The component analysis revealed that the tSAH score of the Stockholm CT score was the strongest unique outcome predictor. In the 3 CT scores with subcomponents, the tSAH variable is seen to be an important outcome predictor. However, the Stockholm CT score discriminates more levels of tSAH than the Helsinki CT score (presence of IVH) or Rotterdam CT score (presence of IVH/tSAH), while tSAH/IVH is not part of the Marshall CT classification.

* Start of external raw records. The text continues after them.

(* For any simplicial complex $K$ and any positive integer $m$, there exists a positive integer $k$ such that the $k$-times iterated barycentric subdivision $K^{(k)}$ of $K$ is $m$-fine.
   Context: For vertices $v,w$ of a simplicial complex $K$, a sequence $p=(\sigma_1,\dots,\sigma_N)$ of $1$-simplices links $(v,w)$ if $v\in\sigma_1$, $w\in\sigma_N$ and $\sigma_i\cap\sigma_{i+1}\ne\varnothing$ for all $i$; its length is $N$. The diameter of a subcomplex $A\subset K$ is $\max_{v,w\in A_0}\min_{p\text{ links }(v,w)}\mathrm{len}(p)$. $K$ is $m$-fine if for every subcomplex $A\subset K$ with diameter $\le m$ one can choose a contractible subcomplex $Z_A$ containing $A$ in such a way that $Z_A\subset Z_B$ whenever $A\subset B$. *)

theory Defs
  imports "HOL-Analysis.Analysis" "HOL-Library.FSet" "HOL-Library.Extended_Nat"
begin

definition simplicial_complex :: "'v set set \<Rightarrow> bool" where
  "simplicial_complex K \<longleftrightarrow>
     (\<forall>\<sigma>\<in>K. finite \<sigma> \<and> \<sigma> \<noteq> {}) \<and>
     (\<forall>\<sigma>\<in>K. \<forall>\<tau>. \<tau> \<subseteq> \<sigma> \<and> \<tau> \<noteq> {} \<longrightarrow> \<tau> \<in> K)"

definition vertices :: "'v set set \<Rightarrow> 'v set" where
  "vertices K = \<Union>K"

definition subcomplex :: "'v set set \<Rightarrow> 'v set set \<Rightarrow> bool" where
  "subcomplex K A \<longleftrightarrow> A \<subseteq> K \<and> simplicial_complex A"

definition links :: "'v set set \<Rightarrow> 'v set list \<Rightarrow> 'v \<Rightarrow> 'v \<Rightarrow> bool" where
  "links K p v w \<longleftrightarrow> p \<noteq> [] \<and> (\<forall>\<sigma>\<in>set p. \<sigma> \<in> K \<and> card \<sigma> = 2) \<and>
     v \<in> hd p \<and> w \<in> last p \<and>
     (\<forall>i. Suc i < length p \<longrightarrow> p ! i \<inter> p ! Suc i \<noteq> {})"

definition link_dist :: "'v set set \<Rightarrow> 'v \<Rightarrow> 'v \<Rightarrow> enat" where
  "link_dist K v w = (INF p\<in>{p. links K p v w}. enat (length p))"

definition diameter :: "'v set set \<Rightarrow> 'v set set \<Rightarrow> enat" where
  "diameter K A = (SUP v\<in>vertices A. SUP w\<in>vertices A. link_dist K v w)"

text \<open>Geometric realization: points are barycentric coordinate functions, with
  the coherent (weak) topology with respect to the closed simplices.\<close>

definition closed_simplex :: "'v set \<Rightarrow> ('v \<Rightarrow> real) set" where
  "closed_simplex \<sigma> = {x. (\<forall>v. 0 \<le> x v) \<and> (\<forall>v. v \<notin> \<sigma> \<longrightarrow> x v = 0) \<and> sum x \<sigma> = 1}"

definition realization :: "'v set set \<Rightarrow> ('v \<Rightarrow> real) topology" where
  "realization K = topology (\<lambda>U. U \<subseteq> (\<Union>\<sigma>\<in>K. closed_simplex \<sigma>) \<and>
      (\<forall>\<sigma>\<in>K. openin (top_of_set (closed_simplex \<sigma>)) (U \<inter> closed_simplex \<sigma>)))"

definition contractible_complex :: "'v set set \<Rightarrow> bool" where
  "contractible_complex K \<longleftrightarrow> contractible_space (realization K)"

definition m_fine :: "nat \<Rightarrow> 'v set set \<Rightarrow> bool" where
  "m_fine m K \<longleftrightarrow> (\<exists>Z. (\<forall>A. subcomplex K A \<and> A \<noteq> {} \<and> diameter K A \<le> enat m \<longrightarrow>
        subcomplex K (Z A) \<and> A \<subseteq> Z A \<and> contractible_complex (Z A)) \<and>
      (\<forall>A B. subcomplex K A \<and> A \<noteq> {} \<and> diameter K A \<le> enat m \<and>
             subcomplex K B \<and> B \<noteq> {} \<and> diameter K B \<le> enat m \<and> A \<subseteq> B \<longrightarrow> Z A \<subseteq> Z B))"

text \<open>Vertex type closed under forming finite sets, so that barycentric subdivision
  can be iterated on a single type.\<close>
datatype 'a vtx = Base 'a | Bary "'a vtx fset"

text \<open>Barycentric subdivision: vertices are simplices of K (encoded as Bary),
  simplices are nonempty finite chains of simplices of K.\<close>
definition bsd :: "'a vtx set set \<Rightarrow> 'a vtx set set" where
  "bsd K = {(\<lambda>s. Bary (Abs_fset s)) ` C | C. C \<subseteq> K \<and> finite C \<and> C \<noteq> {} \<and>
              (\<forall>s\<in>C. \<forall>t\<in>C. s \<subseteq> t \<or> t \<subseteq> s)}"

definition iterated_bsd :: "nat \<Rightarrow> 'a set set \<Rightarrow> 'a vtx set set" where
  "iterated_bsd k K = (bsd ^^ k) ((`) Base ` K)"

end

theory Submission
  imports Defs
begin

text \<open>Let \<open>k = m + 2\<close> and let \<open>A\<close> be a subcomplex of the \<open>k\<close>-fold subdivision of \<open>K\<close> of
  diameter at most \<open>m\<close>. A walk in a barycentric subdivision projects to a walk of half the
  length between carrier vertices in the complex before it; applying this \<open>m\<close> times, the
  carriers in the first subdivision \<open>K'\<close> of any two vertices of \<open>A\<close> meet. Fix a vertex \<open>y\<close> of
  \<open>A\<close>: its carrier is a simplex of \<open>K'\<close>, i.e. a chain of simplices of \<open>K\<close>, and every vertex
  \<open>u\<close> of the smallest member of this chain lies in the carrier in \<open>K\<close> of every simplex of \<open>A\<close>.
  So the subcomplex of \<open>K\<close> spanned by these carriers is a cone with apex \<open>u\<close>; its \<open>k\<close>-fold
  subdivision \<open>Z\<^sub>A\<close> contains \<open>A\<close>, is monotone in \<open>A\<close>, and is contractible because
  barycentric subdivision preserves contractibility of the geometric realization.\<close>

lemma simplicial_complex_finite: "simplicial_complex K \<Longrightarrow> \<sigma> \<in> K \<Longrightarrow> finite \<sigma>"
  unfolding simplicial_complex_def by blast

lemma simplicial_complex_nonempty: "simplicial_complex K \<Longrightarrow> \<sigma> \<in> K \<Longrightarrow> \<sigma> \<noteq> {}"
  unfolding simplicial_complex_def by blast

lemma simplicial_complex_face:
  "simplicial_complex K \<Longrightarrow> \<sigma> \<in> K \<Longrightarrow> \<tau> \<subseteq> \<sigma> \<Longrightarrow> \<tau> \<noteq> {} \<Longrightarrow> \<tau> \<in> K"
  unfolding simplicial_complex_def by blast

section \<open>Geometric realization\<close>

abbreviation polyhedron :: "'v set set \<Rightarrow> ('v \<Rightarrow> real) set" where
  "polyhedron K \<equiv> (\<Union>\<sigma>\<in>K. closed_simplex \<sigma>)"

Diffuse bleeding stemming from subarachnoid vessels in TBI is a well-known predictor of unfavorable outcome [30,31]. It has been shown that tSAH in TBI patients can, similarly to aneurysmal SAH, induce vasospasm and ischemia , potentially triggering harmful inflammatory and neurotoxic processes, which are also potential targets for several neuroprotective drugs . Despite this, a key finding in this study is that the degree of tSAH is an independent outcome predictor in TBI, suggesting that pathophysiological processes related to tSAH are of greater importance in TBI than generally considered.

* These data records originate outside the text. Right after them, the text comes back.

theorem mainTheorem6:
  fixes p :: real and u :: "nat \<Rightarrow> fuzzy" and \<nu> :: fuzzy
  assumes "p > 0"
    and "\<And>n. fuzzy_number (u n)"
    and "fuzzy_number \<nu>"
    and "Ep_summable_to p u \<nu>"
    and "(\<lambda>n. sqrt (real n) * fdist (u n) fzero) \<in> O(\<lambda>_. 1)"
  shows "\<exists>M>0. \<forall>n. fdist (fsum_upto u n) fzero < M"
proof -
  have u: "regular_fuzzy (u n)" for n
    using assms(2) by (rule regular_fuzzy_number)
  obtain C where "\<forall>j\<ge>1. \<bar>lower (u j) 0\<bar> * sqrt (real j) \<le> C"
    "\<forall>j\<ge>1. \<bar>upper (u j) 0\<bar> * sqrt (real j) \<le> C"
    using bigo_sqrt_fdist_imp_support_bounds[OF u assms(5)] by blast
  then obtain B where B: "\<And>m. \<bar>\<Sum>i\<le>m. lower (u i) 0\<bar> \<le> B" "\<And>m. \<bar>\<Sum>i\<le>m. upper (u i) 0\<bar> \<le> B"
    using Ep_summable_imp_bounded_support_partial_sums[OF assms(1) u regular_fuzzy_number[OF assms(3)] assms(4)]
    by blast
  have "fdist (fsum_upto u n) fzero \<le> B" for n
    using fdist_fzero_le[OF regular_fsum_upto[of n u, OF u]] B[of n]
    by (simp add: lower_fsum_upto[of n u, OF u] upper_fsum_upto[of n u, OF u])
  then have "fdist (fsum_upto u n) fzero < \<bar>B\<bar> + 1" for n
    by (smt (verit))
  then show ?thesis
    by (intro exI[of _ "\<bar>B\<bar> + 1"]) simp
qed

end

While CT-visible DAI on the admission scan has been shown to be associated with an unfavorable outcome , DAI findings did not correlate significantly with outcome in this study. Our findings are, however, in line with the original Stockholm CT score article, in which no type of DAI on CT was significantly correlated to an unfavorable outcome in the univariate analysis, but more central DAI provided significant information in multivariable models . In the original Stockholm CT score article, the DAI component contributed little to discriminatory performance, probably due to the low incidence of DAI, but was found to enhance the calibration of models. Additionally, as the populations in the current study comprise a slightly older patient cohort with a generally lower prevalence of DAI (perhaps due to a lower incidence of high-energy trauma  than used to originally weigh and create the score), it is possible that the predictive role of DAI is different in this cohort. Overall, future revision of variables using both the Helsinki and Stockholm CT scores may provide cause for altering both weighting and variables in a future composite score, including the DAI variable.

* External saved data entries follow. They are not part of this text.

definition affine_atlas :: "('m::topological_space set \<times> ('m \<Rightarrow> real^'n)) set \<Rightarrow> bool" where
  "affine_atlas atlas \<longleftrightarrow>
     (\<forall>(U,\<phi>)\<in>atlas. open U \<and> open (\<phi> ` U) \<and> (\<exists>\<psi>. homeomorphism U (\<phi> ` U) \<phi> \<psi>)) \<and>
     \<Union>(fst ` atlas) = UNIV \<and>
     (\<forall>(U,\<phi>)\<in>atlas. \<forall>(V,\<psi>)\<in>atlas. \<forall>C \<in> components (U \<inter> V).
        \<exists>f. aff_auto f \<and> (\<forall>x\<in>C. \<psi> x = f (\<phi> x)))"

text \<open>A closed manifold: compact, Hausdorff, second countable (the charts of an atlas
  make it locally Euclidean).\<close>
definition closed_manifold_space :: "'m::topological_space itself \<Rightarrow> bool" where
  "closed_manifold_space _ \<longleftrightarrow>
     compact (UNIV::'m set) \<and>
     (\<forall>x y::'m. x \<noteq> y \<longrightarrow> (\<exists>U V. open U \<and> open V \<and> x \<in> U \<and> y \<in> V \<and> U \<inter> V = {})) \<and>
     (\<exists>B::'m set set. countable B \<and> topological_basis B)"

text \<open>A developing covering for a complete affine structure: a covering map
  p : real^'n \<rightarrow> M which in every chart is locally an affine automorphism.
  (For a complete structure, p = \<pi> \<circ> dev^{-1}, with \<pi> the universal covering.)\<close>
definition complete_developing_cover ::
  "('m::topological_space set \<times> ('m \<Rightarrow> real^'n)) set \<Rightarrow> (real^'n \<Rightarrow> 'm) \<Rightarrow> bool" where
  "complete_developing_cover atlas p \<longleftrightarrow>
     covering_space UNIV p UNIV \<and>
     (\<forall>(U,\<phi>)\<in>atlas. \<forall>x. p x \<in> U \<longrightarrow>
        (\<exists>W. open W \<and> x \<in> W \<and> p ` W \<subseteq> U \<and>
             (\<exists>f. aff_auto f \<and> (\<forall>y\<in>W. \<phi> (p y) = f y))))"

text \<open>The holonomy group = the deck transformation group of the developing cover p
  (identified with \<pi>_1(M) acting on the universal cover via dev).\<close>
definition holonomy_group :: "(real^'n \<Rightarrow> 'm::topological_space) \<Rightarrow> (real^'n \<Rightarrow> real^'n) set" where
  "holonomy_group p = {g. (\<exists>h. homeomorphism UNIV UNIV g h) \<and> p \<circ> g = p}"

end

theory Submission
  imports Defs
begin

text \<open>
  The holonomy group \<open>\<Gamma>\<close> is the deck group of the covering \<open>p : \<real>\<^sup>n\<^sup>+\<^sup>1 \<rightarrow> M\<close>, so it acts
  freely; as it preserves the line \<open>a + \<real> v\<close>, every \<open>g \<in> \<Gamma>\<close> translates that line by some
  amount \<open>line_shift g\<close>, and \<open>line_shift\<close> is a homomorphism \<open>\<Gamma> \<rightarrow> \<real>\<close>. If \<open>M\<close> were compact,
  the \<open>\<Gamma>\<close>-translates of a ball \<open>K\<close> would cover \<open>\<real>\<^sup>n\<^sup>+\<^sup>1\<close>, and \<open>\<Gamma>\<close> would act properly
  discontinuously. Then translates of \<open>K\<close> that meet have shifts differing by a bounded amount,
  and the translates of bounded shift stay in a bounded set. Hence the complement of a large
  ball is covered by the translates of large positive shift and those of large negative shift:
  two disjoint closed sets, both met by the line. This disconnects the complement of a ball in
  \<open>\<real>\<^sup>n\<^sup>+\<^sup>1\<close>, which is impossible as soon as \<open>n + 1 \<ge> 2\<close>.
\<close>

section \<open>Lifting through a covering of an arbitrary space\<close>

lemma homeomorphism_pullback_sheet:
  assumes q: "homeomorphism u T p q" and "u \<subseteq> C"
    and "V \<subseteq> U" and contf: "continuous_on V f" and fV: "f ` V \<subseteq> T"
  shows "homeomorphism ({z \<in> U \<times> C. f (fst z) = p (snd z)} \<inter> (V \<times> u)) V fst (\<lambda>w. (w, q (f w)))"
    (is "homeomorphism ?s V fst ?lift")
proof (rule homeomorphismI)
  show "continuous_on ?s fst"
    by (intro continuous_intros)
  have "continuous_on T q"
    using q by (simp add: homeomorphism_def)
  then have "continuous_on V (q \<circ> f)"
    by (rule continuous_on_compose[OF contf continuous_on_subset[OF _ fV]])
  then show "continuous_on V ?lift"
    by (intro continuous_intros) (simp add: o_def)
  show "fst ` ?s \<subseteq> V"
    by auto
  show "?lift ` V \<subseteq> ?s"
  proof
    fix z assume "z \<in> ?lift ` V"
    then obtain w where "w \<in> V" "z = ?lift w"
      by blast
    then have "q (f w) \<in> u" "p (q (f w)) = f w"
      using q fV by (auto simp: homeomorphism_def)
    then show "z \<in> ?s"
      using \<open>w \<in> V\<close> \<open>z = ?lift w\<close> assms(2,3) by auto
  qed
  show "?lift (fst z) = z" if z: "z \<in> ?s" for z
  proof -
    obtain w c where "z = (w, c)" "c \<in> u" "f w = p c"
      using z by auto
    then show ?thesis
      using q by (simp add: homeomorphism_def)
  qed
  show "fst (?lift w) = w" for w
    by simp
qed

lemma covering_space_pullback:
  assumes cov: "covering_space C p S"
    and contf: "continuous_on U f" and fim: "f ` U \<subseteq> S"
  shows "covering_space {z \<in> U \<times> C. f (fst z) = p (snd z)} fst U"
proof
  let ?P = "{z \<in> U \<times> C. f (fst z) = p (snd z)}"
  show "continuous_on ?P fst"
    by (intro continuous_intros)
  have "x \<in> fst ` ?P" if "x \<in> U" for x
  proof -
    obtain c where "c \<in> C" "p c = f x"
      using cov fim \<open>x \<in> U\<close> covering_space_imp_surjective by (metis image_iff subsetD)
    then show ?thesis
      using \<open>x \<in> U\<close> by (force intro: image_eqI[of _ _ "(x, c)"])
  qed
  then show "fst ` ?P = U"
    by auto
  fix x assume "x \<in> U"
  then have "f x \<in> S"
    using fim by blast
  then obtain T \<V> where "f x \<in> T" and T: "openin (top_of_set S) T"
    and \<V>: "\<Union>\<V> = C \<inter> p -` T" "\<And>u. u \<in> \<V> \<Longrightarrow> openin (top_of_set C) u"
      "pairwise disjnt \<V>" "\<And>u. u \<in> \<V> \<Longrightarrow> \<exists>q. homeomorphism u T p q"
    using cov unfolding covering_space_def by meson
  define V where "V = U \<inter> f -` T"
  define sheet where "sheet u = ?P \<inter> (V \<times> u)" for u
  have V: "openin (top_of_set U) V"
    unfolding V_def using contf fim T by (intro continuous_openin_preimage) auto
  show "\<exists>T. x \<in> T \<and> openin (top_of_set U) T \<and>
          (\<exists>\<V>. \<Union>\<V> = ?P \<inter> fst -` T \<and> (\<forall>u\<in>\<V>. openin (top_of_set ?P) u) \<and>
               pairwise disjnt \<V> \<and> (\<forall>u\<in>\<V>. \<exists>q. homeomorphism u T fst q))"
  proof (intro exI conjI)
    show "x \<in> V"
      using \<open>x \<in> U\<close> \<open>f x \<in> T\<close> by (simp add: V_def)
    show "openin (top_of_set U) V"
      by (fact V)
    show "\<Union>(sheet ` \<V>) = ?P \<inter> fst -` V"
      using \<V>(1) by (fastforce simp: sheet_def V_def)
    show "\<forall>s\<in>sheet ` \<V>. openin (top_of_set ?P) s"
    proof
      fix s assume "s \<in> sheet ` \<V>"
      then obtain u where "u \<in> \<V>" "s = sheet u"
        by blast
      obtain O1 O2 where "open O1" "V = U \<inter> O1" "open O2" "u = C \<inter> O2"
        using V \<V>(2)[OF \<open>u \<in> \<V>\<close>] by (meson openin_open)
      then have "s = ?P \<inter> (O1 \<times> O2)"
        by (auto simp: \<open>s = sheet u\<close> sheet_def)
      then show "openin (top_of_set ?P) s"
        using \<open>open O1\<close> \<open>open O2\<close> by (simp add: openin_open_Int open_Times)
    qed
    show "pairwise disjnt (sheet ` \<V>)"
      using \<V>(3) by (fastforce simp: pairwise_def disjnt_def sheet_def)
    show "\<forall>s\<in>sheet ` \<V>. \<exists>q. homeomorphism s V fst q"
    proof
      fix s assume "s \<in> sheet ` \<V>"
      then obtain u where "u \<in> \<V>" "s = sheet u"
        by blast
      then obtain q where "homeomorphism u T p q"
        using \<V>(4) by blast
      moreover have "u \<subseteq> C"
        using \<V>(1) \<open>u \<in> \<V>\<close> by blast
      moreover have "V \<subseteq> U" "f ` V \<subseteq> T"
        by (auto simp: V_def)
      moreover have "continuous_on V f"
        using contf by (rule continuous_on_subset) (simp add: V_def)
      ultimately have "homeomorphism s V fst (\<lambda>w. (w, q (f w)))"
        unfolding \<open>s = sheet u\<close> sheet_def by (intro homeomorphism_pullback_sheet)
      then show "\<exists>q. homeomorphism s V fst q"
        by blast
    qed
  qed
qed

text \<open>
  The library's lifting theorems require a normed base space. Lifting the identity of \<open>U\<close>
  through the pullback of \<open>p\<close> along \<open>f\<close>, whose base is \<open>U\<close> itself, removes that restriction.
\<close>

lemma covering_space_lift_simply_connected:
  fixes p :: "'a::real_normed_vector \<Rightarrow> 'b::topological_space"
    and f :: "'c::real_normed_vector \<Rightarrow> 'b"
  assumes cov: "covering_space C p S" and "a \<in> C" "z \<in> U"
    and "simply_connected U" "locally path_connected U"
    and contf: "continuous_on U f" and fim: "f ` U \<subseteq> S" and "f z = p a"
  obtains g where "continuous_on U g" "g ` U \<subseteq> C" "g z = a" "\<And>y. y \<in> U \<Longrightarrow> p (g y) = f y"
proof -
  let ?P = "{w \<in> U \<times> C. f (fst w) = p (snd w)}"
  obtain s where s: "continuous_on U s" "s \<in> U \<rightarrow> ?P" "s z = (z, a)" "\<And>y. y \<in> U \<Longrightarrow> fst (s y) = y"
    by (rule covering_space_lift_strong[OF covering_space_pullback[OF cov contf fim], of "(z, a)" z U id])
      (use assms in \<open>auto intro: continuous_on_id\<close>)
  show thesis
  proof (rule that[of "snd \<circ> s"])
    show "continuous_on U (snd \<circ> s)"
      using s(1) by (intro continuous_on_compose continuous_intros)
    show "(snd \<circ> s) ` U \<subseteq> C"
      using s(2) by force
    show "(snd \<circ> s) z = a"
      using s(3) by simp
    show "p ((snd \<circ> s) y) = f y" if "y \<in> U" for y
    proof -
      have "f (fst (s y)) = p (snd (s y))"
        using s(2) that by blast
      then show ?thesis
        using s(4)[OF that] by simp
    qed
  qed
qed

lemma covering_space_UNIV_open_map:
  assumes cov: "covering_space UNIV p UNIV" and "open S"
  shows "open (p ` S)"
proof (subst open_subopen, intro ballI)
  fix y assume "y \<in> p ` S"
  then obtain x where "x \<in> S" "y = p x"
    by blast
  obtain T V q where "x \<in> T" "openin (top_of_set UNIV) T" "p x \<in> V" "openin (top_of_set UNIV) V"
    and hom: "homeomorphism T V p q"
    by (rule covering_space_local_homeomorphism[OF cov UNIV_I])
  then have "open T" "open V"
    by simp_all
  have "openin (top_of_set V) (p ` (T \<inter> S))"
    using hom \<open>open T\<close> \<open>open S\<close> by (intro homeomorphism_imp_open_map[OF hom]) (auto intro: openin_open_Int)
  then have "open (p ` (T \<inter> S))"
    using \<open>open V\<close> openin_open_trans by blast
  then show "\<exists>W. open W \<and> y \<in> W \<and> W \<subseteq> p ` S"
    using \<open>x \<in> T\<close> \<open>x \<in> S\<close> \<open>y = p x\<close> by blast
qed

section \<open>Deck transformations of a covering by Euclidean space\<close>

locale euclidean_covering =
  fixes p :: "real^'n::finite \<Rightarrow> 'm::topological_space"
  assumes covering: "covering_space UNIV p UNIV"
begin

abbreviation \<Gamma> where "\<Gamma> \<equiv> holonomy_group p"

lemma continuous_on_p: "continuous_on UNIV p"
  using covering covering_space_imp_continuous by blast

lemma lift_exists:
  assumes "p x = p y"
  obtains g where "continuous_on UNIV g" "g x = y" "\<And>w. p (g w) = p w"
proof -
  obtain g where "continuous_on UNIV g" "g ` UNIV \<subseteq> UNIV" "g x = y" "\<And>w. w \<in> UNIV \<Longrightarrow> p (g w) = p w"
    by (rule covering_space_lift_simply_connected[OF covering, where a = y and z = x and U = UNIV and f = p])
      (use assms continuous_on_p in \<open>auto simp: convex_imp_simply_connected locally_path_connected_UNIV\<close>)
  with that show thesis
    by blast
qed

lemma lift_unique:
  assumes "continuous_on UNIV g" "continuous_on UNIV h"
    and "\<And>w. p (g w) = p w" "\<And>w. p (h w) = p w" and "g x = h x"
  shows "g = h"
proof
  fix z
  show "g z = h z"
    by (rule covering_space_lift_unique[OF covering, of g x h UNIV p z]) (use assms continuous_on_p in auto)
qed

Mass effect indicators, such as midline shift and lesions larger than 25 cm3, exhibited low predictive value in this study, especially in the Stockholm cohort. This could be indicative of a trend where mass lesions are not as deleterious as they once were, due to improved pre-hospital management, rapid imaging, and neurosurgical hematoma evacuation [20,35]. Longer periods from the time of injury to surgical evacuation may have negative effects on patients with intracranial-space-occupying lesions. However, a recent review suggests this to be debatable . A more conservative approach to neurosurgical interventions for intracranial mass lesions in other studied cohorts has not been consistently related to worse outcome , supporting that patients are arguably better treated today than 20 years ago, including conservative medical treatments, if adequately monitored. Midline shift was a strong predictor in the Helsinki cohort, most likely related to the strong association between age and outcome, especially in patients with subdural hematoma . Overall, mass lesion parameters provided less predictive outcome information than previously, presumably as a result of general improvement of the healthcare system.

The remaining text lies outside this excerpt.